(Available data Opens)
(* Let $\mathcal{F}=(\omega,\{\tau_j\}_{j\in[\pm n]})$ and $\mathcal{F}'=(\omega',\{\tau'_j\}_{j\in[\pm n]})$ be regular facets-pairing structures on $\mathcal{C}^n$, with associated tuples of signed permutations $(\omega;\widetilde\sigma_1,\widetilde\sigma_{-1},\dots,\widetilde\sigma_n,\widetilde\sigma_{-n})$ and $(\omega';\widetilde\sigma'_1,\widetilde\sigma'_{-1},\dots,\widetilde\sigma'_n,\widetilde\sigma'_{-n})$. Then $\mathcal{F}$ and $\mathcal{F}'$ are equivalent if and only if these tuples are shuffled-conjugate, i.e. there is a signed permutation $S$ of $[\pm n]$ with $\omega=S^{-1}\omega' S$ and $\widetilde\sigma_j=S^{-1}\widetilde\sigma'_{S(j)}S$ for all $j\in[\pm n]$.
   Context: Let $[\pm n]=\{\pm1,\dots,\pm n\}$ and $\mathcal{C}^n=\{x\in\mathbb{R}^n: -\tfrac14\le x_i\le\tfrac14\}$. For $1\le i\le n$, $\mathbf{F}(i)$ and $\mathbf{F}(-i)$ denote the facets of $\mathcal{C}^n$ lying in $\{x_i=\tfrac14\}$ and $\{x_i=-\tfrac14\}$. For $j_1,\dots,j_s\in[\pm n]$ with pairwise distinct absolute values, $\mathbf{F}(j_1,\dots,j_s)=\mathbf{F}(j_1)\cap\dots\cap\mathbf{F}(j_s)$, a codimension-$s$ face; every proper face has this form. A signed permutation is a bijection $\sigma$ of $[\pm n]$ with $\sigma(-k)=-\sigma(k)$; symmetries $h$ of $\mathcal{C}^n$ correspond bijectively to signed permutations $\sigma$ via $h(\mathbf{F}(k))=\mathbf{F}(\sigma(k))$. A facets-pairing structure on $\mathcal{C}^n$ is a pair $(\omega,\{\tau_j\})$ where $\omega$ is a bijection of $[\pm n]$ with $\omega\circ\omega=\mathrm{id}$ and $\tau_j:\mathbf{F}(j)\to\mathbf{F}(\omega(j))$ ($j\in[\pm n]$) are face-preserving homeomorphisms with $\tau_{\omega(j)}=\tau_j^{-1}$, such that for all $j,k$ with $|j|\ne|k|$, writing $\tau_j(\mathbf{F}(j,k))=\mathbf{F}(\omega(j),k')$ and $\tau_k(\mathbf{F}(j,k))=\mathbf{F}(j',\omega(k))$, one has $\tau_{k'}(\tau_j(p))=\tau_{j'}(\tau_k(p))$ for all $p\in\mathbf{F}(j,k)$. It is regular if each $\tau_j$ is an isometry for the Euclidean metric and $\omega$ is a signed permutation. For a regular structure, define $\widetilde\sigma_j:[\pm n]\to[\pm n]$ by $\widetilde\sigma_j(\pm j)=\pm\omega(j)$ and, for $k\ne\pm j$, $\widetilde\sigma_j(k)$ is determined by $\tau_j(\mathbf{F}(j,k))=\mathbf{F}(\omega(j),\widetilde\sigma_j(k))$; each $\widetilde\sigma_j$ is a signed permutation. Two facets-pairing structures $(\omega,\{\tau_j\})$, $(\omega',\{\tau'_j\})$ are equivalent if there is a symmetry $h$ of $\mathcal{C}^n$ with $\tau_j=h^{-1}\circ\tau'_{j'}\circ h$ on $\mathbf{F}(j)$ for every $j$, where $\mathbf{F}(j')=h(\mathbf{F}(j))$. *)

theory Defs
  imports "HOL-Analysis.Analysis"
begin

text \<open>Points of R^n are functions nat => real, coordinates 1..n, all other coordinates 0.
  Signed indices [+-n] are nonzero integers k with abs k <= n.\<close>

definition SI :: "nat \<Rightarrow> int set" where
  "SI n = {k. k \<noteq> 0 \<and> \<bar>k\<bar> \<le> int n}"

definition cube :: "nat \<Rightarrow> (nat \<Rightarrow> real) set" where
  "cube n = {x. (\<forall>i. 1 \<le> i \<and> i \<le> n \<longrightarrow> -1/4 \<le> x i \<and> x i \<le> 1/4)
                \<and> (\<forall>i. (i = 0 \<or> n < i) \<longrightarrow> x i = 0)}"

definition edist :: "nat \<Rightarrow> (nat \<Rightarrow> real) \<Rightarrow> (nat \<Rightarrow> real) \<Rightarrow> real" where
  "edist n x y = sqrt (\<Sum>i\<in>{1..n}. (x i - y i)^2)"

definition facet :: "nat \<Rightarrow> int \<Rightarrow> (nat \<Rightarrow> real) set" where
  "facet n j = {x \<in> cube n. x (nat \<bar>j\<bar>) = of_int (sgn j) / 4}"

definition face2 :: "nat \<Rightarrow> int \<Rightarrow> int \<Rightarrow> (nat \<Rightarrow> real) set" where
  "face2 n j k = facet n j \<inter> facet n k"

definition faces :: "nat \<Rightarrow> (nat \<Rightarrow> real) set set" where
  "faces n = {G. \<exists>J. J \<subseteq> SI n \<and> J \<noteq> {} \<and> inj_on abs J \<and> G = \<Inter> (facet n ` J)}"

definition signed_perm :: "nat \<Rightarrow> (int \<Rightarrow> int) \<Rightarrow> bool" where
  "signed_perm n \<sigma> \<longleftrightarrow> bij_betw \<sigma> (SI n) (SI n) \<and> (\<forall>k\<in>SI n. \<sigma> (-k) = - \<sigma> k)"

definition face_preserving :: "nat \<Rightarrow> int \<Rightarrow> int \<Rightarrow> ((nat \<Rightarrow> real) \<Rightarrow> (nat \<Rightarrow> real)) \<Rightarrow> bool" where
  "face_preserving n j j2 f \<longleftrightarrow>
     (\<forall>G\<in>faces n. G \<subseteq> facet n j \<longrightarrow> f ` G \<in> faces n \<and> f ` G \<subseteq> facet n j2)"

definition facets_pairing ::
  "nat \<Rightarrow> (int \<Rightarrow> int) \<Rightarrow> (int \<Rightarrow> (nat \<Rightarrow> real) \<Rightarrow> (nat \<Rightarrow> real)) \<Rightarrow> bool" where
  "facets_pairing n \<omega> \<tau> \<longleftrightarrow>
     (\<forall>j\<in>SI n. \<omega> j \<in> SI n \<and> \<omega> (\<omega> j) = j) \<and>
     (\<forall>j\<in>SI n. homeomorphism (facet n j) (facet n (\<omega> j)) (\<tau> j) (\<tau> (\<omega> j))
               \<and> face_preserving n j (\<omega> j) (\<tau> j)) \<and>
     (\<forall>j\<in>SI n. \<forall>k\<in>SI n. \<forall>j'\<in>SI n. \<forall>k'\<in>SI n.
        \<bar>j\<bar> \<noteq> \<bar>k\<bar> \<and> \<tau> j ` face2 n j k = face2 n (\<omega> j) k'
        \<and> \<tau> k ` face2 n j k = face2 n j' (\<omega> k) \<longrightarrow>
        (\<forall>p\<in>face2 n j k. \<tau> k' (\<tau> j p) = \<tau> j' (\<tau> k p)))"

definition regular_fps ::
  "nat \<Rightarrow> (int \<Rightarrow> int) \<Rightarrow> (int \<Rightarrow> (nat \<Rightarrow> real) \<Rightarrow> (nat \<Rightarrow> real)) \<Rightarrow> bool" where
  "regular_fps n \<omega> \<tau> \<longleftrightarrow> facets_pairing n \<omega> \<tau> \<and> signed_perm n \<omega> \<and>
     (\<forall>j\<in>SI n. \<forall>x\<in>facet n j. \<forall>y\<in>facet n j. edist n (\<tau> j x) (\<tau> j y) = edist n x y)"

definition sigt ::
  "nat \<Rightarrow> (int \<Rightarrow> int) \<Rightarrow> (int \<Rightarrow> (nat \<Rightarrow> real) \<Rightarrow> (nat \<Rightarrow> real)) \<Rightarrow> int \<Rightarrow> int \<Rightarrow> int" where
  "sigt n \<omega> \<tau> j k =
     (if k = j then \<omega> j else if k = - j then - \<omega> j
      else (THE k'. k' \<in> SI n \<and> \<bar>k'\<bar> \<noteq> \<bar>\<omega> j\<bar> \<and> \<tau> j ` face2 n j k = face2 n (\<omega> j) k'))"

definition cube_symmetry :: "nat \<Rightarrow> ((nat \<Rightarrow> real) \<Rightarrow> (nat \<Rightarrow> real)) \<Rightarrow> bool" where
  "cube_symmetry n h \<longleftrightarrow> h ` cube n = cube n \<and>
     (\<forall>x\<in>cube n. \<forall>y\<in>cube n. edist n (h x) (h y) = edist n x y)"

definition fps_equivalent ::
  "nat \<Rightarrow> (int \<Rightarrow> int) \<Rightarrow> (int \<Rightarrow> (nat \<Rightarrow> real) \<Rightarrow> (nat \<Rightarrow> real))
       \<Rightarrow> (int \<Rightarrow> int) \<Rightarrow> (int \<Rightarrow> (nat \<Rightarrow> real) \<Rightarrow> (nat \<Rightarrow> real)) \<Rightarrow> bool" where
  "fps_equivalent n \<omega> \<tau> \<omega>' \<tau>' \<longleftrightarrow>
     (\<exists>h. cube_symmetry n h \<and>
        (\<forall>j\<in>SI n. \<forall>j'\<in>SI n. h ` facet n j = facet n j' \<longrightarrow>
           (\<forall>p\<in>facet n j. \<tau> j p = inv_into (cube n) h (\<tau>' j' (h p)))))"

end

theory Submission
  imports Defs
begin

text \<open>
  Geometrically, an isometry between two
  faces of the cube (boxes obtained by fixing some coordinates to +-1/4) maps vertices to
  vertices and edges to edges; testing it on an edge shows that every free coordinate of the
  source is plus or minus a free coordinate of the image.  Consequently (i) every symmetry h of
  the cube permutes the facets by a signed permutation S, and conversely every signed
  permutation is induced by a signed coordinate permutation; (ii) the isometry tau j maps the
  ridge F(j,k) onto a ridge F(omega j, k'), which makes sigt well defined; (iii) an isometry of
  a facet is determined by the images of its ridges (rigidity).

  Combinatorially, equivalence via h means that h intertwines the gluing maps along S, i.e.
  h o tau j = tau' (S j) o h.  Reading this on facets and ridges gives the shuffled conjugacy of
  the tuples (omega; sigt); conversely, shuffled conjugacy says that both sides agree on all
  ridges of F(j), and rigidity turns this into equality of maps.
\<close>

subsection \<open>Squared distance and faces of the cube as boxes\<close>

text \<open>Working with the squared distance avoids square roots; isometries for edist are the
  same as isometries for sqdist.\<close>

definition sqdist :: "nat \<Rightarrow> (nat \<Rightarrow> real) \<Rightarrow> (nat \<Rightarrow> real) \<Rightarrow> real" where
  "sqdist n x y = (\<Sum>i\<in>{1..n}. (x i - y i)^2)"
(Available data Closes)
Task description
Lines with the word "faces" in them: report all of these from the listing above.

Task response
definition faces :: "nat \<Rightarrow> (nat \<Rightarrow> real) set set" where
  "faces n = {G. \<exists>J. J \<subseteq> SI n \<and> J \<noteq> {} \<and> inj_on abs J \<and> G = \<Inter> (facet n ` J)}"
     (\<forall>G\<in>faces n. G \<subseteq> facet n j \<longrightarrow> f ` G \<in> faces n \<and> f ` G \<subseteq> facet n j2)"
  faces of the cube (boxes obtained by fixing some coordinates to +-1/4) maps vertices to
subsection \<open>Squared distance and faces of the cube as boxes\<close>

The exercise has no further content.